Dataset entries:
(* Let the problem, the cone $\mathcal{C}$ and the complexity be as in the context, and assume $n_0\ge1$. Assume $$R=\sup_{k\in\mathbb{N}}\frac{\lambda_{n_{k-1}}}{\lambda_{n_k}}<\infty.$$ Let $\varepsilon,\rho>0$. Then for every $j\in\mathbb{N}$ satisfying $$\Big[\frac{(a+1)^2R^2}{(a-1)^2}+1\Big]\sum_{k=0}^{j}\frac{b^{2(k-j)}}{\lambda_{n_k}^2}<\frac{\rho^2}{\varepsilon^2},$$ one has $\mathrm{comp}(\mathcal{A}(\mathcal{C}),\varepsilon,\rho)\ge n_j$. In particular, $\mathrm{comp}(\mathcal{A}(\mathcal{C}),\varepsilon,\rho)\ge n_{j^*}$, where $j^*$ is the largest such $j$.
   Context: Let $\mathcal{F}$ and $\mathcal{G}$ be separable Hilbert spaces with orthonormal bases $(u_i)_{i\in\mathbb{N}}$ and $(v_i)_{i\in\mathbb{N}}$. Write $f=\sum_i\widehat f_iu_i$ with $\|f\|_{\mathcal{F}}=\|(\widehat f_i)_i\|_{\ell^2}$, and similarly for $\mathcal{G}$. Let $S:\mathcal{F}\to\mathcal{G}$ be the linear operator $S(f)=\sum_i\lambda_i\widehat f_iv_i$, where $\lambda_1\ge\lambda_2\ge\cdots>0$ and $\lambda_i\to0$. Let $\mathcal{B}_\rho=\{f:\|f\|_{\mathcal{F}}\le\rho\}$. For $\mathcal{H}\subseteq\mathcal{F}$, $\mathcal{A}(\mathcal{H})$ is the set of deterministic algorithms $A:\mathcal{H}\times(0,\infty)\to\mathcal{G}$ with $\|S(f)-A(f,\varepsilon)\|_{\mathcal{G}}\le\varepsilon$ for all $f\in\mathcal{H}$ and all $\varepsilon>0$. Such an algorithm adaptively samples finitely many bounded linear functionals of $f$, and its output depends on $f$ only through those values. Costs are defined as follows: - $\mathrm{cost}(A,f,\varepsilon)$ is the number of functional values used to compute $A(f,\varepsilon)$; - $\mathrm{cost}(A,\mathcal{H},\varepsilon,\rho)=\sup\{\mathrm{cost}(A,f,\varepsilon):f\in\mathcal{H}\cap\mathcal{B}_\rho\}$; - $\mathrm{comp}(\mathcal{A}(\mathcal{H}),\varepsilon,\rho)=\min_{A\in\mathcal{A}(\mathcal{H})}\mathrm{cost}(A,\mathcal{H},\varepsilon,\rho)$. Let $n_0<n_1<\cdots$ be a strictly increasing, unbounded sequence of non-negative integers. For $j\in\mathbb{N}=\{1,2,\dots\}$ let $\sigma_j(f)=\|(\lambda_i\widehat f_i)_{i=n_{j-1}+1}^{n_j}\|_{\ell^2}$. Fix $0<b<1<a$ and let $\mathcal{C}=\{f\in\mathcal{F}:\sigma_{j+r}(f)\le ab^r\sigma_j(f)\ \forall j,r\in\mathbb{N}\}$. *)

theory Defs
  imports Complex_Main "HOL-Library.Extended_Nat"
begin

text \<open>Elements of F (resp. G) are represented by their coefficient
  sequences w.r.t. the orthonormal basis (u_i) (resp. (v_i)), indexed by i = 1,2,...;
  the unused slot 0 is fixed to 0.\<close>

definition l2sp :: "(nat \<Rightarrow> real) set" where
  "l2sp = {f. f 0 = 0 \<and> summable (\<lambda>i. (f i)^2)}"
---
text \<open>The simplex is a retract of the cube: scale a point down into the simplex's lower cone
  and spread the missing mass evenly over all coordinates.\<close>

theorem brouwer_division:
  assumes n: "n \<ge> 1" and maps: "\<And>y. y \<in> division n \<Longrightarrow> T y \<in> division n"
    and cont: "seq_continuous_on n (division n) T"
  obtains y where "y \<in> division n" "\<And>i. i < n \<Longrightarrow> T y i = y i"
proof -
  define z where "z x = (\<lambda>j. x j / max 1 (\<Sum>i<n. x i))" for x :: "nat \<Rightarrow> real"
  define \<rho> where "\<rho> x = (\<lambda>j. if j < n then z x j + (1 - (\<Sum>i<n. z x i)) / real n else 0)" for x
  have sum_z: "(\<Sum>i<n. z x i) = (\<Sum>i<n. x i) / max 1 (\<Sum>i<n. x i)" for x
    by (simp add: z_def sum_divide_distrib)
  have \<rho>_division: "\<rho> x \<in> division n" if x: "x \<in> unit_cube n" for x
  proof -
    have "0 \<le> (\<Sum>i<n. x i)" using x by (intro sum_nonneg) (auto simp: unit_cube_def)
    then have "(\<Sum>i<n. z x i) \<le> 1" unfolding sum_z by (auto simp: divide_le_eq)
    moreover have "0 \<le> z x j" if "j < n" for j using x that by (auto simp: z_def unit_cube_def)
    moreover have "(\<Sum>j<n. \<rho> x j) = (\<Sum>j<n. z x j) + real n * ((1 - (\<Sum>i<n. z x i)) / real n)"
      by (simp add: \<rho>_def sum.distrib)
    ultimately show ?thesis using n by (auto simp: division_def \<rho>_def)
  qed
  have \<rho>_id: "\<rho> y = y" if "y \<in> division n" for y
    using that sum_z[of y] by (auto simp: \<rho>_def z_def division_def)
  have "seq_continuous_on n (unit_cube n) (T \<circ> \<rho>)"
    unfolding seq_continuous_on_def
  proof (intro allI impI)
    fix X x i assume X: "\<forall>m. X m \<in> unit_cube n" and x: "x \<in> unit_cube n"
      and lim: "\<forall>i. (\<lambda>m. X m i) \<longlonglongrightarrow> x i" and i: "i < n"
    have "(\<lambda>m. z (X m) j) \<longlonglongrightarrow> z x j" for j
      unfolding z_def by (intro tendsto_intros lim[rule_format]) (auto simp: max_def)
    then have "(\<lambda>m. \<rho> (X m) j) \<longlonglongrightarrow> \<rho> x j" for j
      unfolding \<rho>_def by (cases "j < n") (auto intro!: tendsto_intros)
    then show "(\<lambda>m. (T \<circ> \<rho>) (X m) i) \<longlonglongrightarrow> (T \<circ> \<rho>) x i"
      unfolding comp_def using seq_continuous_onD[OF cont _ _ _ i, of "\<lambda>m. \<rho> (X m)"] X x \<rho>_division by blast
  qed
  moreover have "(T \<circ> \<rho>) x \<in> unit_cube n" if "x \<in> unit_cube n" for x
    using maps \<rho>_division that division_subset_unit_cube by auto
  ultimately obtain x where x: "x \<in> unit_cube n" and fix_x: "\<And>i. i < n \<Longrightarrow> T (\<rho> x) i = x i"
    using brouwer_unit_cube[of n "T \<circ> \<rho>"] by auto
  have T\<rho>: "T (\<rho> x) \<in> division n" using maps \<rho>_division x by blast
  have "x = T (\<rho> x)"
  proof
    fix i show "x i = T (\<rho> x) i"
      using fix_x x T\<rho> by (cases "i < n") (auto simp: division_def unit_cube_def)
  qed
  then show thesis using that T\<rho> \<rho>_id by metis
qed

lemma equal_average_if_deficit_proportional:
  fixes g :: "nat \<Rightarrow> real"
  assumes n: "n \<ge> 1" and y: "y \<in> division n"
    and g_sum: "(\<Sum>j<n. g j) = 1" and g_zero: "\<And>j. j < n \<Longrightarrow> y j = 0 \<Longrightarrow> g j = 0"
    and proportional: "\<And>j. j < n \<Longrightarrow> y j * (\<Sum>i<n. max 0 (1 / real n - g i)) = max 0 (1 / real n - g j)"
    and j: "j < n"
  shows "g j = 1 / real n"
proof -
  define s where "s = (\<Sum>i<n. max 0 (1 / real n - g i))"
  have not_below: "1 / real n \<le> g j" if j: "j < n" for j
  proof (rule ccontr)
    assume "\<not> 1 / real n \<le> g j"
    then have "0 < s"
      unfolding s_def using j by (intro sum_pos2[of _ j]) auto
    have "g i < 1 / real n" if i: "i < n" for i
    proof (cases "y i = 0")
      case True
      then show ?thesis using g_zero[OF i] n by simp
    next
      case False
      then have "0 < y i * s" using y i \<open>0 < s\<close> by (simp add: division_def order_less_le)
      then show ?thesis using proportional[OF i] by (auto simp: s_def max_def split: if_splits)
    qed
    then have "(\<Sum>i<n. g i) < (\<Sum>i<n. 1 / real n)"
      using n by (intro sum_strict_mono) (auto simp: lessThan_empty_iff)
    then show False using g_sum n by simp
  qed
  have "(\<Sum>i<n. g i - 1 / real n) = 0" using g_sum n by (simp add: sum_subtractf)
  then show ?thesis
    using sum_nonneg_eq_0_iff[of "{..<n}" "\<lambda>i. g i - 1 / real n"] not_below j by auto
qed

» **Exercise description**
Using the entries above, give back exactly the line containing "define \<rho> where", the line containing "(auto simp: divide_le_eq)", and every line between them, and nothing else.

» **Expected output**
  define \<rho> where "\<rho> x = (\<lambda>j. if j < n then z x j + (1 - (\<Sum>i<n. z x i)) / real n else 0)" for x
  have sum_z: "(\<Sum>i<n. z x i) = (\<Sum>i<n. x i) / max 1 (\<Sum>i<n. x i)" for x
    by (simp add: z_def sum_divide_distrib)
  have \<rho>_division: "\<rho> x \<in> division n" if x: "x \<in> unit_cube n" for x
  proof -
    have "0 \<le> (\<Sum>i<n. x i)" using x by (intro sum_nonneg) (auto simp: unit_cube_def)
    then have "(\<Sum>i<n. z x i) \<le> 1" unfolding sum_z by (auto simp: divide_le_eq)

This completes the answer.